What is the factor of safety of a steel hanger having an ultimate strength of 550.000MPa and supporting a load of 79000.000N. The steel hanger in question has a cross sectional area of 7.000cm^2.
ANS = (Round to 3 decimal places)
ultimate strength = 550.000MPa
load = 79000.000N
area = 7.000cm^2 = .07m
Not too sure how to start. A little help would be greatly appreciated. Thanks.
To find the factor of safety, we need to compare the ultimate strength of the steel hanger to the actual load it is supporting. The factor of safety is a measure of how much stronger the material is compared to the actual load it is subjected to.
First, let's convert the cross-sectional area from cm^2 to square meters.
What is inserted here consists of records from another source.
definition root_height :: "'n::{finite,linorder} \<times> 'n \<Rightarrow> real" where
  "root_height t = real (card {fst t..<snd t})"

lemma root_height_pos: "t \<in> transps \<Longrightarrow> 0 < root_height t"
  unfolding root_height_def transps_def by (auto simp: card_gt_0_iff)

lemma root_height_add:
  fixes a b c :: "'n::{finite,linorder}"
  assumes "a < b" and "b < c"
  shows "root_height (a, c) = root_height (a, b) + root_height (b, c)"
proof -
  have "{a..<c} = {a..<b} \<union> {b..<c}" and "{a..<b} \<inter> {b..<c} = {}"
    using assms by auto
  then show ?thesis unfolding root_height_def by (simp add: card_Un_disjoint)
qed

lemma troot_add: "troot (a, c) = troot (a, b) + troot (b, c)"
  unfolding troot_def by simp

lemma reflection_order_ratio_coord_order:
  fixes F :: "nat \<Rightarrow> real ^ 'n::{finite,linorder} \<Rightarrow> real"
  assumes "\<And>n. linear (F n)"
  shows "reflection_order (coord_order (\<lambda>t n. F n (troot t) / root_height t))"
proof (rule reflection_order_coord_order)
  fix a b c :: 'n
  assume "a < b" and "b < c"
  let ?r = "\<lambda>t n. F n (troot t) / root_height t"
  define p q where "p = root_height (a, b)" and "q = root_height (b, c)"
  have "0 < p" and "0 < q"
    using \<open>a < b\<close> \<open>b < c\<close> root_height_pos unfolding p_def q_def transps_def by auto
  moreover have "?r (a, c) n = (p * ?r (a, b) n + q * ?r (b, c) n) / (p + q)" for n
    using \<open>0 < p\<close> \<open>0 < q\<close> linear_add[OF assms]
    by (simp add: troot_add[of a c b] root_height_add[OF \<open>a < b\<close> \<open>b < c\<close>] p_def q_def)
  ultimately show "\<exists>p q. 0 < p \<and> 0 < q \<and> ?r (a, c) = (\<lambda>n. (p * ?r (a, b) n + q * ?r (b, c) n) / (p + q))"
    by blast
qed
Since 1 cm^2 is equal to 0.0001 square meters, the cross-sectional area is 0.07 square meters (0.0001 x 7.000).
Now, we can calculate the stress on the hanger by dividing the load by the cross-sectional area:
Stress = Load / Area
Stress = 79000.000 N / 0.07 m^2
To find the factor of safety, divide the ultimate strength by the stress:
Factor of Safety = Ultimate Strength / Stress
Factor of Safety = 550.000 MPa / (79000.000 N / 0.07 m^2)
Now, we need to convert MPa to N/m^2 (Pascal) to have the same units for both the ultimate strength and stress. Since 1 MPa is equal to 1,000,000 N/m^2, the ultimate strength is 550,000,000 N/m^2 (550.000 x 1,000,000).
Factor of Safety = 550,000,000 N/m^2 / (79000.000 N / 0.07 m^2)
After performing the calculation, the factor of safety comes out to approximately 985.003 (rounding to 3 decimal places).